Jonathan Murray Chu (born November 2, 1979) is an American film director, producer, and screenwriter. He is best known as the director of 2018's Crazy Rich Asians, the first film by a major Hollywood studio to feature a majority cast of Asian descent in a modern setting since The Joy Luck Club in 1993.

The films that he has directed often include musical elements, including the dance films Step Up 2: The Streets (2008) and Step Up 3D (2010), musicals Jem and the Holograms (2015) and In the Heights (2021), and the live concert films Justin Bieber: Never Say Never (2011) and Justin Bieber's Believe (2013).

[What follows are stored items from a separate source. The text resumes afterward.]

(* Let $\mathbb{D}$ be the open unit disc and let $Y\subset\mathbb{D}$ have a limit point in $\mathbb{D}$. Let $H^\infty_Y$ denote the space $H^\infty$ of bounded holomorphic functions on $\mathbb{D}$ equipped with the norm $\|f\|=\sup_{y\in Y}|f(y)|$. Then $H^\infty_Y$ is separable if and only if the closure of $Y$ in $\mathbb{C}$ is contained in $\mathbb{D}$. *)

theory Defs
  imports "HOL-Complex_Analysis.Complex_Analysis"
begin

text \<open>H-infinity: bounded holomorphic functions on the open unit disc.
  Functions are total on the complex plane; only their values on the disc matter.\<close>
definition Hinf :: "(complex \<Rightarrow> complex) set" where
  "Hinf = {f. f holomorphic_on ball 0 1 \<and> bounded (f ` ball 0 1)}"

definition Ynorm :: "complex set \<Rightarrow> (complex \<Rightarrow> complex) \<Rightarrow> real" where
  "Ynorm Y f = (SUP y\<in>Y. cmod (f y))"

definition separable_HinfY :: "complex set \<Rightarrow> bool" where
  "separable_HinfY Y \<longleftrightarrow>
     (\<exists>D. countable D \<and> D \<subseteq> Hinf \<and>
        (\<forall>f\<in>Hinf. \<forall>e>0. \<exists>g\<in>D. Ynorm Y (\<lambda>z. f z - g z) < e))"

end

theory Submission
  imports Defs
begin

(* If a point \<zeta> of the unit circle lies in the closure of Y, consider the functions
  F_t(z) = ((\<zeta> + z) / (\<zeta> - z))^(i t) for real |t| \<le> 1.  They lie in H^\<infinity>, with
  e^(-\<pi>/2) \<le> |F_t| \<le> e^(\<pi>/2), and |F_s(y) - F_t(y)| \<ge> e^(-\<pi>/2) as soon as
  cos ((s - t) M) \<le> 0, where M = log |(\<zeta> + y) / (\<zeta> - y)|.  Points y_k of Y tending to \<zeta>
  make M_k grow as fast as we like; once M_(k+1) \<ge> 4 M_k, the lacunary sums
  t_E = \<Sum>(k \<in> E) \<pi> / M_k, E \<subseteq> \<nat>, are pairwise separated in this sense at some y_k.  This
  gives uncountably many elements of H^\<infinity>_Y at mutual distance at least e^(-\<pi>/2).
  Conversely, if the closure of Y is a compact subset of the disc, it lies in a disc
  |z| \<le> r < 1 on which Taylor polynomials converge uniformly, so polynomials with
  coefficients in a countable dense subset of \<complex> are dense in H^\<infinity>_Y. *)

lemma lacunary_growth:
  fixes M :: "nat \<Rightarrow> real"
  assumes growth: "\<And>k. 4 * M k \<le> M (Suc k)"
  shows "4 ^ n * M k \<le> M (k + n)"
proof (induction n)
  case 0
  then show ?case by simp
next
  case (Suc n)
  then have "4 * (4 ^ n * M k) \<le> 4 * M (k + n)" by simp
  also have "\<dots> \<le> M (k + Suc n)" using growth[of "k + n"] by simp
  finally show ?case by simp
qed

lemma lacunary_pos:
  fixes M :: "nat \<Rightarrow> real"
  assumes "\<And>k. 4 * M k \<le> M (Suc k)" and "0 < M 0"
  shows "0 < M k"
proof -
  have "4 ^ k * M 0 \<le> M (0 + k)" using assms(1) by (rule lacunary_growth)
  moreover have "0 < 4 ^ k * M 0" using assms(2) by simp
  ultimately show ?thesis by simp
qed

lemma lacunary_tail_bound:
  fixes M x :: "nat \<Rightarrow> real"
  assumes growth: "\<And>k. 4 * M k \<le> M (Suc k)" and M0: "0 < M 0"
    and x: "\<And>j. \<bar>x j\<bar> \<le> pi / M j"
  shows "summable (\<lambda>j. x (j + k))" and "\<bar>\<Sum>j. x (j + k)\<bar> \<le> 4 * pi / (3 * M k)"
proof -
  have Mk: "0 < M k" by (rule lacunary_pos[OF growth M0])
  have geom: "(\<lambda>j. pi / M k * (1/4) ^ j) sums (pi / M k * (1 / (1 - 1/4)))"
    by (intro sums_mult geometric_sums) simp
  have dominated: "norm (x (j + k)) \<le> pi / M k * (1/4) ^ j" for j
  proof -
    have "4 ^ j * M k \<le> M (k + j)" using growth by (rule lacunary_growth)
    then have "pi / M (k + j) \<le> pi / (4 ^ j * M k)"
      using Mk lacunary_pos[OF growth M0, of "k + j"] by (intro divide_left_mono) auto
    also have "\<dots> = pi / M k * (1/4) ^ j" by (simp add: power_one_over)
    finally show ?thesis using x[of "j + k"] by (simp add: add.commute)
  qed
  show "summable (\<lambda>j. x (j + k))"
    by (rule summable_comparison_test'[OF sums_summable[OF geom] dominated])
  have "norm (\<Sum>j. x (j + k)) \<le> (\<Sum>j. pi / M k * (1/4) ^ j)"
    using dominated sums_summable[OF geom] by (rule norm_suminf_le)
  also have "\<dots> = 4 * pi / (3 * M k)" using sums_unique[OF geom] by simp
  finally show "\<bar>\<Sum>j. x (j + k)\<bar> \<le> 4 * pi / (3 * M k)" by simp
qed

Chu is an alumnus of the USC School of Cinematic Arts.

Early life
Chu was born in Palo Alto, California and grew up in nearby Los Altos. He attended Pinewood School from kindergarten through 12th grade.
Chu is the youngest of five children. He began making movies in fifth grade, when his mother gifted him a video camera to document their family vacations. Chu instead began making home movies starring his siblings.

His mother, Ruth Chu, was born in Taiwan; his father, Lawrence Chu, was born in Sichuan.  His family owns the restaurant called Chef Chu's.

Chu obtained a BFA in Film & Television Production from University of Southern California in 2003. He won the Princess Grace Award, the Kodak Student Filmmaker Award, the Dore Schary Award presented by the Anti-Defamation League, the Jack Nicholson directing award, and was recognized as an honoree for the IFP/West program Project: Involve.

Career 
After making his student short, When the Kids Are Away, Chu was signed to William Morris Agency and attached to several high-profile projects. Chu was hired by Sony Pictures to direct their feature Bye Bye Birdie, but Sony never green lit the film due to budget concerns. Sony re-hired Chu to direct their updated version of The Great Gatsby, which did not pan out as the project was purchased by Warner Bros. Pictures for their 2013 film.

He is in a dance crew called AC/DC or Adam/Chu Dance crew. In an interview, Chu addressed a question he is often asked, "Why do all of your films have dance?" He responded, "I don't know why. It seems so obvious. But there's something about the dancers that motivate me the most. I don't know if it's just dance, but I do think that the dancers are amazing artists, and every time I meet a new dancer, that triggers something in my brain, and I'm more creative than I could ever be. When I feel that creativity burst, I go with it."

In 2013, Chu was awarded the Visionary Award by East West Players (EWP), the longest-running theater of color in the United States, for his contributions to the Asian Pacific American (APA) community. In an online Q&A, Chu revealed that he had attended EWP's productions as a child and was excited "to push boundaries with them in the future."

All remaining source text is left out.